Archive for February, 2015

Adventures can inspire poetry


I love to see stories written by school pupils after my adventure-writing workshops, but it’s also really special to see stories or poems or plays or pictures from kids who have read the books rather than met me at an author session. Because what they’ve created hasn’t been inspired by me bouncing up and down like a daft thing in a classroom, but by the words I write on the page.
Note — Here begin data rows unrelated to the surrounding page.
lemma det_reduced_mat_odd:
  fixes x :: "'a :: idom"
  assumes m: "m = Suc p" and n: "n = 2 * h + 1"
  shows "det (mat (m * n) (m * n) (\<lambda>(i, k). reduced_entry x m (Suc i) k))
    = (-1) ^ (n * m * (m - 1) div 2) * x ^ (m\<^sup>2 * n * (n - 1) div 2)"
proof -
  define d where "d = m * n - p"
  have N: "m * n = p + d" and d: "d = 2 * m * h + 1"
    using m n by (simp_all add: d_def algebra_simps)
  have "d = 2 * m * h + m - p"
    by (simp add: d_def n algebra_simps)
  then have corner: "det (mat p p (\<lambda>(i, j). reduced_entry x m (Suc i) (j + d)))
      = (-1) ^ (p * (p - 1) div 2) * x ^ (h * m * p)"
    by (simp only: det_reduced_corner_odd[OF m])
  have "d * (d - 1) div 2 = (2 * m * h + 1) * (m * h)"
    unfolding d by simp
  moreover have "m\<^sup>2 * n * (n - 1) div 2 = m\<^sup>2 * n * h"
    unfolding n by (simp add: algebra_simps)
  ultimately have exponent: "h * m * p + d * (d - 1) div 2 = m\<^sup>2 * n * (n - 1) div 2"
    unfolding m n by (simp add: algebra_simps power2_eq_square)
  define T where "T = p * (p - 1) div 2"
  have "even (p * (p - 1))"
    by (cases "even p") auto
  then have T: "p * (p - 1) = 2 * T"
    unfolding T_def by simp
  then have "m * (m - 1) = 2 * (T + p)"
    unfolding m by (cases p) (simp_all add: algebra_simps)
  then have "n * m * (m - 1) = 2 * (n * (T + p))"
    by (metis mult.assoc mult.left_commute)
  then have "n * m * (m - 1) div 2 = 2 * (h * (T + p)) + (T + p)"
    unfolding n by (simp add: algebra_simps)
  moreover have "p * d + p * (p - 1) div 2 = 2 * (p * m * h) + (T + p)"
    using T unfolding d by (simp add: algebra_simps)
  ultimately have sign: "(-1 :: 'a) ^ (p * d + p * (p - 1) div 2) = (-1) ^ (n * m * (m - 1) div 2)"
    by (simp add: minus_one_power_iff)
  have "det (mat (m * n) (m * n) (\<lambda>(i, k). reduced_entry x m (Suc i) k))
      = (-1) ^ (p * d) * ((-1) ^ (p * (p - 1) div 2) * x ^ (h * m * p)) * x ^ (d * (d - 1) div 2)"
    by (simp only: N det_reduced_mat_block[OF m] corner)
  also have "\<dots> = (-1) ^ (p * d + p * (p - 1) div 2) * x ^ (h * m * p + d * (d - 1) div 2)"
    by (simp add: power_add mult_ac)
  finally show ?thesis
    unfolding sign exponent .
qed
So I was delighted to receive this poem, inspired by the Fabled Beast Chronicles, from Virginia Curtis, age 10, who lives in the Cheviots:

Wing beats slow and steady,
My selkie friend asks are you ready.
Centaur cantering along behind,
Minotaur shouts this world is mine!

books

Fairy flys up to me,
Says, look over there, it’s him we seek!
Fawns, urisks attack and scare us,
Dragon roars I’m not a bus!

We are flying away,
We are all shouting, Hip,hip,hooray!
Wolf-person howls in the distance,
Which monster will stricke next? Giant ants?

Isn’t that fantastic!

My favourite line in the poem is probably ‘Dragon roars I’m not a bus’ because to be honest, I did sometimes use Sapphire the dragon as a handy mode of transport, and also because I am REALLY missing Sapphire as I write my new adventure, because without her, it’s much harder to get my characters around!

But I also really love the line ‘Which monster will strike next? Giant ants?’ I’m not considering a giant ant as a baddie at the moment, but for as long as I’m writing there will always be another monster and an other adventure, so that’s a brilliant line to end on.

I love seeing art or words inspired by my books, because it allows me to discover how readers see the characters. I know who the characters are in my head, and that’s what I try to put down on paper, but when readers read the books, the characters and stories come to life in a different way inside their heads. Stories about the characters (or haikus, or floorplans for selkies’ houses, or wanted posters for the minotaur – I’ve seen them all) are a great way for me to discover how readers experience the characters.

That’s why I love reading poems from readers, and all the other wonderful things readers send me!

Thanks so much to Virginia for letting me put her fabulous poem on the blog. (Please keep writing!)